**Data to process**
__________
definition simple_graph :: "'v set \<Rightarrow> 'v set set \<Rightarrow> bool" where
  "simple_graph V E \<longleftrightarrow> (\<forall>e\<in>E. e \<subseteq> V \<and> card e = 2)"

definition reach :: "'v set \<Rightarrow> 'v set set \<Rightarrow> 'v \<Rightarrow> 'v \<Rightarrow> bool" where
  "reach V E x y \<longleftrightarrow> x \<in> V \<and>
     (x, y) \<in> {(u, w). u \<in> V \<and> w \<in> V \<and> {u, w} \<in> E}\<^sup>*"

definition connected_graph :: "'v set \<Rightarrow> 'v set set \<Rightarrow> bool" where
  "connected_graph V E \<longleftrightarrow> (\<forall>x\<in>V. \<forall>y\<in>V. reach V E x y)"

definition components :: "'v set \<Rightarrow> 'v set set \<Rightarrow> 'v set set" where
  "components V E = {{y. reach V E x y} | x. x \<in> V}"

definition del_verts_E :: "'v set set \<Rightarrow> 'v set \<Rightarrow> 'v set set" where
  "del_verts_E E U = {e \<in> E. e \<inter> U = {}}"

definition is_cycle :: "'v set \<Rightarrow> 'v set set \<Rightarrow> 'v list \<Rightarrow> bool" where
  "is_cycle V E cs \<longleftrightarrow> length cs \<ge> 3 \<and> distinct cs \<and> set cs \<subseteq> V \<and>
     (\<forall>i < length cs - 1. {cs ! i, cs ! Suc i} \<in> E) \<and> {last cs, hd cs} \<in> E"

definition is_tree :: "'v set \<Rightarrow> 'v set set \<Rightarrow> bool" where
  "is_tree V E \<longleftrightarrow> finite V \<and> V \<noteq> {} \<and> simple_graph V E \<and> connected_graph V E \<and>
     \<not> (\<exists>cs. is_cycle V E cs)"

definition degree :: "'v set set \<Rightarrow> 'v \<Rightarrow> nat" where
  "degree E v = card {e \<in> E. v \<in> e}"

text \<open>Leaves are the vertices of degree at most one; leaves are identified with
  their labels, so the labelling is the identity.\<close>
definition leaves :: "'v set \<Rightarrow> 'v set set \<Rightarrow> 'v set" where
  "leaves V E = {v \<in> V. degree E v \<le> 1}"

definition phylo_tree :: "'v set \<Rightarrow> 'v set set \<Rightarrow> bool" where
  "phylo_tree V E \<longleftrightarrow> is_tree V E \<and> (\<forall>v \<in> V - leaves V E. degree E v \<ge> 3)"

definition profile :: "('v set \<times> 'v set set) set \<Rightarrow> bool" where
  "profile P \<longleftrightarrow> finite P \<and> (\<forall>(V, E) \<in> P. phylo_tree V E) \<and>
     (\<forall>T \<in> P. \<forall>T' \<in> P. T \<noteq> T' \<longrightarrow>
        fst T \<inter> fst T' \<subseteq> leaves (fst T) (snd T) \<inter> leaves (fst T') (snd T'))"

definition display_V :: "('v set \<times> 'v set set) set \<Rightarrow> 'v set" where
  "display_V P = (\<Union>T \<in> P. fst T)"

definition display_E :: "('v set \<times> 'v set set) set \<Rightarrow> 'v set set" where
  "display_E P = (\<Union>T \<in> P. snd T)"

definition line_E :: "'v set set \<Rightarrow> 'v set set set" where
  "line_E E = {{e, f} | e f. e \<in> E \<and> f \<in> E \<and> e \<noteq> f \<and> e \<inter> f \<noteq> {}}"

definition separator :: "'w set \<Rightarrow> 'w set set \<Rightarrow> 'w \<Rightarrow> 'w \<Rightarrow> 'w set \<Rightarrow> bool" where
  "separator V E a b U \<longleftrightarrow> U \<subseteq> V \<and> a \<in> V - U \<and> b \<in> V - U \<and>
     \<not> reach (V - U) (del_verts_E E U) a b"

definition minimal_ab_separator :: "'w set \<Rightarrow> 'w set set \<Rightarrow> 'w \<Rightarrow> 'w \<Rightarrow> 'w set \<Rightarrow> bool" where
  "minimal_ab_separator V E a b U \<longleftrightarrow> separator V E a b U \<and>
     (\<forall>U'. U' \<subset> U \<longrightarrow> \<not> separator V E a b U')"

definition minimal_separator :: "'w set \<Rightarrow> 'w set set \<Rightarrow> 'w set \<Rightarrow> bool" where
  "minimal_separator V E U \<longleftrightarrow> (\<exists>a b. a \<in> V \<and> b \<in> V \<and> a \<noteq> b \<and> {a, b} \<notin> E \<and>
     minimal_ab_separator V E a b U)"

end

theory Submission
  imports Defs
begin

text \<open>Let \<open>F\<close> separate the edges \<open>a\<close> and \<open>b\<close> minimally in the line graph. Minimality means
  that every \<open>f \<in> F\<close>, put back, reconnects \<open>a\<close> and \<open>b\<close>; hence \<open>f\<close> shares an endpoint with
  an edge of the component of \<open>a\<close> and with one of the component of \<open>b\<close>, and these two edges meet
  \<open>f\<close> in different endpoints since the two components have no common vertex. Walking along a path
  of the connected graph \<open>G\<close>, every vertex therefore lies on an edge of one of the two components,
  so every edge outside \<open>F\<close> belongs to one of them.\<close>

lemma reach_closed:
  assumes "reach V E x y"
  shows "y \<in> V"
proof -
  have "(x, y) \<in> {(u, w). u \<in> V \<and> w \<in> V \<and> {u, w} \<in> E}\<^sup>*" "x \<in> V"
    using assms unfolding reach_def by auto
  then show ?thesis by (induction rule: rtrancl_induct) auto
qed

lemma reach_sym:
  assumes "reach V E x y"
  shows "reach V E y x"
proof -
  have "sym {(u, w). u \<in> V \<and> w \<in> V \<and> {u, w} \<in> E}"
    by (auto simp: sym_def insert_commute)
  then show ?thesis
    using assms reach_closed[OF assms] unfolding reach_def by (meson sym_rtrancl symD)
qed

lemma reach_trans: "reach V E x y \<Longrightarrow> reach V E y z \<Longrightarrow> reach V E x z"
  unfolding reach_def by auto

lemma card_components_eq_2:
  assumes "a \<in> V" "b \<in> V" "\<not> reach V E a b"
    and "\<And>x. x \<in> V \<Longrightarrow> reach V E a x \<or> reach V E b x"
  shows "card (components V E) = 2"
proof -
  have "components V E = {{y. reach V E a y}, {y. reach V E b y}}"
    unfolding components_def
    using assms by (blast intro: reach_sym reach_trans)
  moreover have "{y. reach V E a y} \<noteq> {y. reach V E b y}"
    using assms(2,3) by (auto simp: reach_def)
  ultimately show ?thesis by simp
qed

definition meets :: "'a set set \<Rightarrow> ('a set \<times> 'a set) set" where
  "meets W = {(u, w). u \<in> W \<and> w \<in> W \<and> u \<noteq> w \<and> u \<inter> w \<noteq> {}}"

lemma reach_del_line_E_iff:
  "reach (E - F) (del_verts_E (line_E E) F) x y \<longleftrightarrow> x \<in> E - F \<and> (x, y) \<in> (meets (E - F))\<^sup>*"
proof -
  have "{(u, w). u \<in> E - F \<and> w \<in> E - F \<and> {u, w} \<in> del_verts_E (line_E E) F} = meets (E - F)"
    unfolding meets_def del_verts_E_def line_E_def by (auto simp: doubleton_eq_iff)
  then show ?thesis unfolding reach_def by simp
qed

lemma meets_rtrancl_sym:
  assumes "(x, y) \<in> (meets W)\<^sup>*"
  shows "(y, x) \<in> (meets W)\<^sup>*"
proof -
  have "sym (meets W)" by (auto simp: meets_def sym_def)
  then show ?thesis using assms by (meson sym_rtrancl symD)
qed

lemma meets_rtrancl_closed: "(x, y) \<in> (meets W)\<^sup>* \<Longrightarrow> x \<in> W \<Longrightarrow> y \<in> W"
  by (induction rule: rtrancl_induct) (auto simp: meets_def)

lemma meets_rtrancl_if_inter: "e \<in> W \<Longrightarrow> g \<in> W \<Longrightarrow> e \<inter> g \<noteq> {} \<Longrightarrow> (e, g) \<in> (meets W)\<^sup>*"
  by (cases "e = g") (auto simp: meets_def)

lemma meets_insert_rtrancl_cases:
  assumes "(x, y) \<in> (meets (insert f W))\<^sup>*" "x \<in> W" "f \<notin> W"
  shows "(x, y) \<in> (meets W)\<^sup>* \<or> (\<exists>c. (x, c) \<in> (meets W)\<^sup>* \<and> c \<inter> f \<noteq> {})"
  using assms(1)
proof (induction rule: rtrancl_induct)
  case base
  then show ?case by simp
next
  case (step y z)
  then show ?case
  proof (elim disjE)
    assume xy: "(x, y) \<in> (meets W)\<^sup>*"
    have "y \<in> W" using meets_rtrancl_closed[OF xy assms(2)] .
    then have "z = f \<and> y \<inter> f \<noteq> {} \<or> (y, z) \<in> meets W"
      using step.hyps(2) by (auto simp: meets_def)
    then show ?thesis using xy by (meson rtrancl.rtrancl_into_rtrancl)
  qed blast
qed

lemma meets_insert_rtrancl_meets:
  assumes "(x, y) \<in> (meets (insert f W))\<^sup>*" "(x, y) \<notin> (meets W)\<^sup>*" "x \<in> W" "f \<notin> W"
  obtains c where "(x, c) \<in> (meets W)\<^sup>*" "c \<inter> f \<noteq> {}"
  using meets_insert_rtrancl_cases[OF assms(1,3,4)] assms(2) by blast

lemma minimal_ab_separator_line_E_meets_both_sides:
  assumes sep: "minimal_ab_separator E (line_E E) a b F" and f: "f \<in> F"
  obtains c d where "(a, c) \<in> (meets (E - F))\<^sup>*" "(b, d) \<in> (meets (E - F))\<^sup>*"
    "c \<inter> f \<noteq> {}" "d \<inter> f \<noteq> {}"
proof -
  let ?R = "meets (E - F)" and ?R' = "meets (insert f (E - F))"
  have ab: "F \<subseteq> E" "a \<in> E - F" "b \<in> E - F" "(a, b) \<notin> ?R\<^sup>*"
    using sep unfolding minimal_ab_separator_def separator_def reach_del_line_E_iff by auto
  have "\<not> separator E (line_E E) a b (F - {f})"
    using sep f unfolding minimal_ab_separator_def by blast
  moreover have "E - (F - {f}) = insert f (E - F)"
    using f ab(1) by auto
  ultimately have ab': "(a, b) \<in> ?R'\<^sup>*"
    using ab unfolding separator_def reach_del_line_E_iff by auto
  have "(b, a) \<notin> ?R\<^sup>*"
    using ab(4) meets_rtrancl_sym by blast
  moreover have f': "f \<notin> E - F"
    using f by blast
  ultimately obtain d where "(b, d) \<in> ?R\<^sup>*" "d \<inter> f \<noteq> {}"
    using meets_insert_rtrancl_meets[OF meets_rtrancl_sym[OF ab'] _ ab(3)] by blast
  moreover obtain c where "(a, c) \<in> ?R\<^sup>*" "c \<inter> f \<noteq> {}"
    using meets_insert_rtrancl_meets[OF ab' ab(4) ab(2) f'] by blast
  ultimately show thesis using that by blast
qed

lemma meets_sides_disjoint:
  assumes "a \<in> W" "b \<in> W" "(a, b) \<notin> (meets W)\<^sup>*" "(a, c) \<in> (meets W)\<^sup>*" "(b, d) \<in> (meets W)\<^sup>*"
  shows "c \<inter> d = {}"
proof (rule ccontr)
  assume cd: "c \<inter> d \<noteq> {}"
  have "c \<in> W" "d \<in> W" using meets_rtrancl_closed assms(1-2,4-5) by blast+
  then have "(c, d) \<in> (meets W)\<^sup>*" using cd by (rule meets_rtrancl_if_inter)
  then have "(a, b) \<in> (meets W)\<^sup>*"
    using assms(4) meets_rtrancl_sym[OF assms(5)] by (meson rtrancl_trans)
  then show False using assms(3) by blast
qed

text \<open>\<open>both_sides\<close> is what minimality of the separator \<open>E - W\<close> provides.\<close>
lemma meets_sides_cover:
  assumes conn: "connected_graph V E" and edges: "\<And>e. e \<in> E \<Longrightarrow> e \<noteq> {} \<and> e \<subseteq> V"
    and W: "W \<subseteq> E" "a \<in> W" "b \<in> W" "(a, b) \<notin> (meets W)\<^sup>*"
    and both_sides: "\<And>f. f \<in> E - W \<Longrightarrow>
      \<exists>c d. (a, c) \<in> (meets W)\<^sup>* \<and> (b, d) \<in> (meets W)\<^sup>* \<and> c \<inter> f \<noteq> {} \<and> d \<inter> f \<noteq> {}"
    and x: "x \<in> W"
  shows "(a, x) \<in> (meets W)\<^sup>* \<or> (b, x) \<in> (meets W)\<^sup>*"
proof -
  let ?R = "meets W"
  define on_side where "on_side z \<longleftrightarrow> (\<exists>e. z \<in> e \<and> ((a, e) \<in> ?R\<^sup>* \<or> (b, e) \<in> ?R\<^sup>*))" for z
  have side_in_W: "e \<in> W" if "(a, e) \<in> ?R\<^sup>* \<or> (b, e) \<in> ?R\<^sup>*" for e
    using that W(2,3) meets_rtrancl_closed by blast
  obtain q where q: "q \<in> a" using edges W(1,2) by blast
  have on_side_walk: "on_side p" if "(q, p) \<in> {(u, w). u \<in> V \<and> w \<in> V \<and> {u, w} \<in> E}\<^sup>*" for p
    using that
  proof (induction rule: rtrancl_induct)
    case base
    show ?case using q unfolding on_side_def by blast
  next
    case (step y z)
    then have yz: "{y, z} \<in> E" by simp
    show ?case
    proof (cases "{y, z} \<in> W")
      case True
      from step.IH obtain e where e: "y \<in> e" "(a, e) \<in> ?R\<^sup>* \<or> (b, e) \<in> ?R\<^sup>*"
        unfolding on_side_def by blast
      have "(e, {y, z}) \<in> ?R\<^sup>*"
        using meets_rtrancl_if_inter[OF side_in_W[OF e(2)] True] e(1) by blast
      then have "(a, {y, z}) \<in> ?R\<^sup>* \<or> (b, {y, z}) \<in> ?R\<^sup>*"
        using e(2) by (meson rtrancl_trans)
      then show ?thesis unfolding on_side_def by blast
    next
      case False
      then have "{y, z} \<in> E - W" using yz by blast
      from both_sides[OF this] obtain c d where cd: "(a, c) \<in> ?R\<^sup>*" "(b, d) \<in> ?R\<^sup>*"
        "c \<inter> {y, z} \<noteq> {}" "d \<inter> {y, z} \<noteq> {}"
        by blast
      have "c \<inter> d = {}" using meets_sides_disjoint[OF W(2-4) cd(1,2)] .
      then have "z \<in> c \<or> z \<in> d" using cd(3,4) by blast
      then show ?thesis unfolding on_side_def using cd(1,2) by blast
    qed
  qed
  obtain p where p: "p \<in> x" using edges W(1) x by blast
  have "q \<in> V" "p \<in> V" using edges W(1,2) x p q by blast+
  then have "reach V E q p" using conn unfolding connected_graph_def by blast
  then have "on_side p" unfolding reach_def by (blast intro: on_side_walk)
  then obtain e where e: "p \<in> e" "(a, e) \<in> ?R\<^sup>* \<or> (b, e) \<in> ?R\<^sup>*"
    unfolding on_side_def by blast
  have "(e, x) \<in> ?R\<^sup>*" using meets_rtrancl_if_inter[OF side_in_W[OF e(2)] x] e(1) p by blast
  then show ?thesis using e(2) by (meson rtrancl_trans)
qed

theorem card_components_line_graph_minus_minimal_separator:
  assumes "connected_graph V E" "\<And>e. e \<in> E \<Longrightarrow> e \<noteq> {} \<and> e \<subseteq> V"
    and "minimal_separator E (line_E E) F"
  shows "card (components (E - F) (del_verts_E (line_E E) F)) = 2"
proof -
  obtain a b where sep: "minimal_ab_separator E (line_E E) a b F"
    using assms(3) unfolding minimal_separator_def by blast
  then have ab: "F \<subseteq> E" "a \<in> E - F" "b \<in> E - F" "(a, b) \<notin> (meets (E - F))\<^sup>*"
    unfolding minimal_ab_separator_def separator_def reach_del_line_E_iff by auto
  have "\<exists>c d. (a, c) \<in> (meets (E - F))\<^sup>* \<and> (b, d) \<in> (meets (E - F))\<^sup>* \<and>
      c \<inter> f \<noteq> {} \<and> d \<inter> f \<noteq> {}" if "f \<in> E - (E - F)" for f
    using that ab(1) minimal_ab_separator_line_E_meets_both_sides[OF sep, of f]
    by (metis double_diff order_refl)
  then have "(a, x) \<in> (meets (E - F))\<^sup>* \<or> (b, x) \<in> (meets (E - F))\<^sup>*" if "x \<in> E - F" for x
    using meets_sides_cover[OF assms(1,2) Diff_subset ab(2-4) _ that] by blast
  then show ?thesis
    using ab by (intro card_components_eq_2[of a _ b]) (auto simp: reach_del_line_E_iff)
qed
__________
Lines with the word "every": copy each one from the data above.

  that every \<open>f \<in> F\<close>, put back, reconnects \<open>a\<close> and \<open>b\<close>; hence \<open>f\<close> shares an endpoint with
  of the connected graph \<open>G\<close>, every vertex therefore lies on an edge of one of the two components,
  so every edge outside \<open>F\<close> belongs to one of them.\<close>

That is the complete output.